Patrolowałem trzeci raz obszar z skazanymi na śmierć więźniami. Mówiąc szczerze nasz Pan za łaskawie ich każe. Jednego skazał na spopielenie, a innego na skamienienie, lecz... CO TO?! Wpatruje się w listę z nazwami więźniów, którą trzymam w dłoniach  i wytrzeszczami oczy Pan skazał Matta na ze srebrzenie i spalenie na oczach wszystkich Upadłych?! Przecież to najboleśniejsza kara jaka w ogóle istnieje! Co takiego zrobił ten chłoptaś, że aż tak zdenerwował naszego Pana?! Bardzo szybki tempie przeszukuje wzrokiem listę, na które pisze kto za co ma zostać ukarany. Kiedy tylko dostrzegam co jest napisane pod jego imieniem, kamienieje z strachu, współczucia, niedowierzania i złością. Jak ten chłystek może być aż tak głupi?! Przecież, był Wice dowódcą gwardii Piekła,  a on przez swoją głupotę niszczy siebie i przynosi hańbę swym  rodzicom!

Matt Elagon- Syn Heleny i Adriana Elagon, brat Markusa Elagona. Wice dowódca gwardii Piekła. Skazany na ze srebrzenie i spalenie w obecności ludu Piekła, za zdradę Władcy Piekła- Wspaniałego Lucyfera i próbę oznaczenia przyszłej żony Pana. Egzekucja odbędzie się dzień, po wydaniu wyroku. 
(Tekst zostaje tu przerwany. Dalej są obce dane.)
lemma phi_top_mult_diff_eq:
  assumes "continuous_on UNIV (\<rho> t)" "\<And>y. \<rho> t y > 0"
    and "\<And>y. (f t has_real_derivative dx f t y) (at y)"
  shows "phi_top h \<alpha> \<rho> t x (x + z) * (f t (x + z) - f t x) = odd_kernel h \<alpha> z * density_quotient \<rho> f t x z"
proof (cases "z = 0")
  case False
  let ?A = "integral {0..1} (\<lambda>s. dx f t (x + s * z))"
  let ?B = "integral {0..1} (\<lambda>s. \<rho> t (x + s * z))"
  have B: "?B > 0"
    by (rule segment_integral_pos[OF assms(1,2)])
  have "d_rho \<rho> t x (x + z) = \<bar>z\<bar> * ?B"
    unfolding d_rho_def integral_eq_segment_integral[OF False assms(1)] using B by (simp add: abs_mult)
  then have "phi_top h \<alpha> \<rho> t x (x + z) = h \<bar>z\<bar> / (\<bar>z\<bar> powr \<alpha> * (\<bar>z\<bar> * ?B))"
    by (simp add: phi_top_def)
  moreover have "f t (x + z) - f t x = sgn z * \<bar>z\<bar> * ?A"
    using diff_eq_mult_segment_integral[OF assms(3)] by (simp add: sgn_mult_abs)
  ultimately show ?thesis
    using B False unfolding odd_kernel_def density_quotient_def by (simp add: field_simps)
qed (simp add: odd_kernel_def)

lemma smooth2_on_density_quotient_space:
  assumes "open I" "smooth2_on (I \<times> UNIV) \<rho>" "smooth2_on (I \<times> UNIV) f" "t \<in> I"
    and "\<And>x. \<rho> t x > 0"
  shows "smooth2_on (UNIV \<times> UNIV) (density_quotient \<rho> f t)"
proof -
  have S: "open (I \<times> (UNIV :: real set))"
    using assms(1) by (simp add: open_Times)
  have "smooth2_on (UNIV \<times> UNIV) (\<lambda>p z.
          segment_average (\<lambda>_. 1) (\<lambda>p y. dx f t (p + y)) p z
        / segment_average (\<lambda>_. 1) (\<lambda>p y. \<rho> t (p + y)) p z)"
  proof (intro smooth2_on_divide smooth2_on_segment_average smooth2_on_translate_space[OF assms(1)])
    show "smooth2_on (I \<times> UNIV) (dx f)"
      by (rule smooth2_onD(2)[OF S assms(3)])
    have "continuous_on UNIV (\<rho> t)"
      by (rule continuous_on_slice[OF smooth2_onD(5)[OF S assms(2)] assms(4)])
    then show "segment_average (\<lambda>_. 1) (\<lambda>p y. \<rho> t (p + y)) p z \<noteq> 0" for p z
      using segment_integral_pos[of "\<rho> t" p z] assms(5) by (simp add: segment_average_def)
  qed (use assms in auto)
  then show ?thesis
    by (simp add: segment_average_def density_quotient_def[abs_def])
qed

lemma smooth2_on_density_quotient_time:
  assumes "open I" "convex I" "smooth2_on (I \<times> UNIV) \<rho>" "smooth2_on (I \<times> UNIV) f"
    and "\<And>t x. t \<in> I \<Longrightarrow> \<rho> t x > 0"
  shows "smooth2_on (I \<times> UNIV) (\<lambda>t. density_quotient \<rho> f t x)"
proof -
  have S: "open (I \<times> (UNIV :: real set))"
    using assms(1) by (simp add: open_Times)
  have "smooth2_on (I \<times> UNIV) (\<lambda>p z.
          segment_average (\<lambda>_. 1) (\<lambda>p y. dx f p (x + y)) p z
        / segment_average (\<lambda>_. 1) (\<lambda>p y. \<rho> p (x + y)) p z)"
  proof (intro smooth2_on_divide smooth2_on_segment_average smooth2_on_translate_time[OF assms(1)])
    show "smooth2_on (I \<times> UNIV) (dx f)"
      by (rule smooth2_onD(2)[OF S assms(4)])
    show "segment_average (\<lambda>_. 1) (\<lambda>p y. \<rho> p (x + y)) p z \<noteq> 0" if "(p, z) \<in> I \<times> UNIV" for p z
    proof -
      have "continuous_on UNIV (\<rho> p)"
        using that by (intro continuous_on_slice[OF smooth2_onD(5)[OF S assms(3)]]) auto
      then show ?thesis
        using segment_integral_pos[of "\<rho> p" x z] assms(5) that by (simp add: segment_average_def)
    qed
  qed (use assms S in auto)
  then show ?thesis
    by (simp add: segment_average_def density_quotient_def[abs_def])
qed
Rozmasowuje swoje czoło, i wzdycham podirytowany zachowaniem tego chłopaka. Chowam listę do kieszeni spodni i spoglądam do każdej z minionych celi. Kiedy omijam jedną z nich, cela przed nią wybucha. Patrze na to wielkimi oczyma. Zapewne każdy byłby zdziwiony na moim miejscu, a powodem tego był ny fakt, że jeszcze NIKOMU nie udało się rozwalić celi, w której przebywał. Nagle z chmury czarnego dymu wyskakuje jakaś postać. Spoglądam na numer celi, i cofam się o krok z przerażenia. W tej celi przebywał Matt Elagon. Wykorzystują okazje, że wokół mnie jest dym, a Matt nie zauważył mnie nawiązuje kontakt z dowódcą- Araonem.

~Dowódco!- Krzyczę w myślach.

~Czegoż chcesz Will?!- Pyta zły. Zapewne obudziłem go, lecz w tej chwili nie jest to ważne.
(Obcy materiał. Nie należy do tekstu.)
(* In G \<boxtimes> K_n the distance between (x, i) and (y, j) is d_G(x, y) if x \<noteq> y and 1 if x = y,
   i \<noteq> j: a shortest walk of G lifts to any pair of layers, and the projection to G of a walk in
   the product pauses or moves along edges.  Hence three distinct vertices of the product lie on a
   common geodesic iff their projections are three distinct vertices of G lying on a common
   geodesic, and two distinct vertices are mutually maximally distant iff their projections
   coincide or are mutually maximally distant.  So the projection of a general position set
   (of a clique of the strong resolving graph) is again one, and conversely T \<times> V(K_n) is one
   whenever T is; both maxima are therefore multiplied by n. *)

section \<open>Walks and distances\<close>

lemma walk_iff_successively:
  "walk G xs \<longleftrightarrow> xs \<noteq> [] \<and> set xs \<subseteq> verts G \<and> successively (adj G) xs"
  unfolding walk_def successively_conv_nth by auto

lemma simple_graph_adjD:
  assumes "simple_graph G" "adj G u v"
  shows "u \<in> verts G" "v \<in> verts G" "adj G v u" "u \<noteq> v"
  using assms by (auto simp: simple_graph_def adj_def verts_def sym_def irrefl_def)

lemma walk_betw_singleton: "u \<in> verts G \<Longrightarrow> walk_betw G u [u] u"
  by (simp add: walk_betw_def walk_iff_successively)

lemma walk_betw_edge: "simple_graph G \<Longrightarrow> adj G u v \<Longrightarrow> walk_betw G u [u, v] v"
  by (simp add: walk_betw_def walk_iff_successively simple_graph_adjD)

lemma walk_betw_append:
  assumes "walk_betw G a p b" "walk_betw G b q c"
  shows "walk_betw G a (p @ tl q) c" "length (p @ tl q) = length p + length q - 1"
proof -
  have p: "p \<noteq> []" "last p = b"
    using assms(1) by (auto simp: walk_betw_def walk_def)
  have q: "q = b # tl q"
    using assms(2) unfolding walk_betw_def walk_def by (metis list.collapse)
  show "walk_betw G a (p @ tl q) c"
    using assms p q unfolding walk_betw_def walk_iff_successively
    by (cases "tl q") (auto simp: successively_append_iff)
  show "length (p @ tl q) = length p + length q - 1"
    using q by (cases q) auto
qed

lemma walk_betw_rev: "simple_graph G \<Longrightarrow> walk_betw G a p b \<Longrightarrow> walk_betw G b (rev p) a"
  unfolding walk_betw_def walk_iff_successively
  by (auto simp: hd_rev last_rev simple_graph_adjD(3) elim: successively_mono)

lemma walk_betw_sublist:
  assumes "walk G xs" "i \<le> j" "j < length xs"
  shows "walk_betw G (xs ! i) (drop i (take (Suc j) xs)) (xs ! j)"
proof -
  have "successively (adj G) (take (Suc j) xs)"
    using assms(1) unfolding walk_iff_successively
    by (metis append_take_drop_id successively_append_iff)
  then have "successively (adj G) (drop i (take (Suc j) xs))"
    by (metis append_take_drop_id successively_append_iff)
  moreover have "set (drop i (take (Suc j) xs)) \<subseteq> verts G"
    using assms(1) set_drop_subset set_take_subset unfolding walk_def by (metis subset_trans)
  ultimately show ?thesis
    using assms by (auto simp: walk_betw_def walk_iff_successively hd_drop_conv_nth last_conv_nth)
qed

lemma dist_le_length: "walk_betw G u xs v \<Longrightarrow> dist G u v \<le> length xs - 1"
  unfolding dist_def walk_betw_def walk_def
  by (rule Least_le) (metis Suc_pred' length_greater_0_conv)

lemma geodesic_exists:
  assumes "connected_graph G" "u \<in> verts G" "v \<in> verts G"
  shows "\<exists>xs. geodesic G u xs v"
proof -
  obtain xs where xs: "walk_betw G u xs v"
    using assms unfolding connected_graph_def by blast
  then have "length xs = Suc (length xs - 1)"
    by (simp add: walk_betw_def walk_def)
  with xs have "\<exists>k xs. walk_betw G u xs v \<and> length xs = Suc k"
    by blast
  then show ?thesis
    unfolding geodesic_def dist_def by (rule LeastI_ex)
qed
~Jeden z więźniów ucieka.- Oznajmiam, chowając się w cień by Matt nie zauważył mnie. 

~CO?! Jaki?!- Pyta, a po jego tonie mogę wywnioskować, że jest nie źle wkurwiony. 

~Matt Elagon...- Mówię wiedząc, że dowódca wybuchnie.

~ŻE CO, DO KURWY?! Dobra czekaj tam, zaraz przyjdzie pomoc, w tym czasie zatrzymaj go nawet za cenę życia.- Rozkazuje, a ja wiem, że to ten moment. Moment, w którym wykonam swą powinność dla Władcy. 

~Tak jest!- Krzyczę, po czym wychodzę z cienia. Na początku Matt wpatruje się we mnie jak w swoją ofiarę, lecz po chwili oblizuje swoje usta językiem, a  w jego prawej ręce pojawia się miecz.  Przełykam ślinę wiedząc co zaraz się stanie. Jestem jednak gotowy poświecić swoje życie w imię swojego Pana. Przyjmuje pozycje obroną i obserwuje z uwagą uciekiniera.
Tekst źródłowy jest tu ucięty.